🔬 Reaction Class Predictor is a web application built using Streamlit that predicts the class of a chemical reaction based on its SMILES representation. Utilizing machine learning techniques and molecular fingerprints, this application provides a user-friendly interface for chemists and researchers to quickly analyze chemical reactions.
You can access the live application here: Reaction Class Predictor on Heroku
- Features
- Technologies Used
- Installation
- Usage
- How It Works
- Exploring the Training Code
- Important Notes on Deployment
- Contributing
- License
- User Input for SMILES: Enter chemical reaction SMILES strings to predict their classes.
- Reaction Visualization: Automatically generates visual representations of the input reactions.
- Model Predictions: Provides predicted reaction classes along with confidence levels.
- LIME Explainer: Displays bit-level importance of molecular features influencing the predictions.
- Alternative Suggestions: If the confidence level is low, alternative reaction classes are suggested.

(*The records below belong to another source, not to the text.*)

lemma tw_class_beta_expand_image:
  "(\<lambda>x. tw_class (m + 2) (beta_expand x)) ` words (comm_gens m)
     = derived (TW (m + 2)) (carrier (TW (m + 2)))"
    (is "?image = ?derived")
proof
  show "?image \<subseteq> ?derived" using beta_expand_in_derived by auto
  show "?derived \<subseteq> ?image"
  proof
    fix g assume "g \<in> ?derived"
    then obtain x where "x \<in> words (comm_gens m)" "g = tw_class (m + 2) (beta_expand x)"
      by (rule derived_subset_beta_expand)
    then show "g \<in> ?image" by blast
  qed
qed

lemma beta_expand_faithful:
  assumes "x \<in> words (comm_gens m)" "y \<in> words (comm_gens m)"
    and "tw_eq (m + 2) (beta_expand x) (beta_expand y)"
  shows "comm_eq m x y"
proof -
  have "rs_state_eq m (rs_rewrite (beta_expand x) ({}, [])) (rs_rewrite (beta_expand y) ({}, []))"
    using assms(3) rs_rewrite_respects[of m "gen_word (beta_expand x)" "gen_word (beta_expand y)" "{}" "[]"]
    by (simp add: tw_eq_def coset_label_def)
  then show ?thesis
    using rs_rewrite_beta_expand[OF assms(1), of "[]"] rs_rewrite_beta_expand[OF assms(2), of "[]"]
    by (simp add: rs_state_eq_def)
qed
theorem lemma2p2:
  fixes x :: "'a::real_normed_vector" and \<epsilon> :: real
  assumes "x \<noteq> 0" and "0 \<le> \<epsilon>" and "\<epsilon> < 2"
  shows "eps_smooth \<epsilon> x \<longleftrightarrow>
         (SUP y\<in>sphere 0 1. rho_plus x y - rho_minus x y) \<le> \<epsilon> * norm x"
proof -
  let ?gap = "\<lambda>y. norm_dir_deriv x y + norm_dir_deriv x (- y)"
  have gap: "rho_plus x y - rho_minus x y = norm x * ?gap y" for y
    by (simp add: rho_plus_eq rho_minus_eq algebra_simps)
  have nx: "0 < norm x"
    using assms(1) by simp
  have sphere_ne: "sphere (0::'a) 1 \<noteq> {}"
    using sphere_nonempty_of_nonzero[OF assms(1)] .
  have bdd: "bdd_above (?gap ` sphere 0 1)"
    by (rule bdd_above_norm_dir_deriv_gap_sphere)
  then obtain M where "\<forall>y\<in>sphere 0 1. ?gap y \<le> M"
    by (auto simp: bdd_above_def)
  then have "bdd_above ((\<lambda>y. norm x * ?gap y) ` sphere 0 1)"
    using nx by (intro bdd_aboveI2[where M = "norm x * M"]) (simp add: mult_left_mono)
  then have "(SUP y\<in>sphere 0 1. rho_plus x y - rho_minus x y) \<le> \<epsilon> * norm x
      \<longleftrightarrow> (\<forall>y\<in>sphere 0 1. ?gap y \<le> \<epsilon>)"
    using nx by (simp add: gap cSUP_le_iff[OF sphere_ne] mult.commute)
  also have "\<dots> \<longleftrightarrow> diameter (supp_funcs x) \<le> \<epsilon>"
    using bdd by (simp add: diameter_supp_funcs[OF assms(1)] cSUP_le_iff[OF sphere_ne])
  finally show ?thesis
    unfolding eps_smooth_def ..
qed

end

- Streamlit - Framework for building web apps
- RDKit - Collection of cheminformatics and machine learning tools
- scikit-learn - Machine learning library for Python
- LIME - Local Interpretable Model-agnostic Explanations
- joblib - Lightweight pipelining in Python
- Pandas - Data manipulation and analysis
- NumPy - Numerical computing in Python
To run this project locally, follow these steps:
-
Clone the repository:
git clone https://github.com/yourusername/reaction-class-predictor.git cd reaction-class-predictorIf you do not have Git installed, you can download the project as a ZIP file from GitHub here and extract it to access the folder.
-
Open your terminal and navigate to the project directory (if not already there).
-
Create a new virtual environment:
python -m venv venv
-
Activate the virtual environment:
- On Windows:
venv\Scripts\activate
- On macOS/Linux:
source venv/bin/activate
- On Windows:
-
Install the required packages:
pip install -r requirements.txt
-
Ensure you have the following files in your project directory:
label_encoder.pklfinal_model_svc.pkl.ziplime_explainer.dill
-
Start the Streamlit app:
streamlit run app.py
- Open your browser and navigate to
http://localhost:8501to view the app. - Enter a reaction in SMILES format in the input box (e.g.,
C1=CC=CC=C1>>C1=CC=C(C=C1)C(=O)O). - Click Enter to see the predicted reaction class and visualizations.
- Review the bit-level importance and confidence levels in the prediction.
The application performs the following steps:
- Input Handling: Accepts user input in the form of SMILES strings.
- ECFP Conversion: Converts the SMILES representation to Extended Connectivity Fingerprints (ECFP) for model input.
- Model Prediction: Uses a pre-trained machine learning model to predict the reaction class and confidence level.
- Reaction Visualization: Generates a visual representation of the chemical reaction using RDKit.
- LIME Explanation: Utilizes LIME to explain the model's predictions by identifying important molecular features.
To understand how the models were created, check out the training code in this repository. It includes explanations and methodologies used for model training and evaluation.
- The application has been successfully deployed on Heroku. Users can access the live app online for predictions.
- Due to memory limitations during deployment, the number of samples used for the LIME explainer was reduced. This means that while the application runs smoothly in a production environment, users may experiment with increasing the sample size when running the application locally to enhance explanation quality.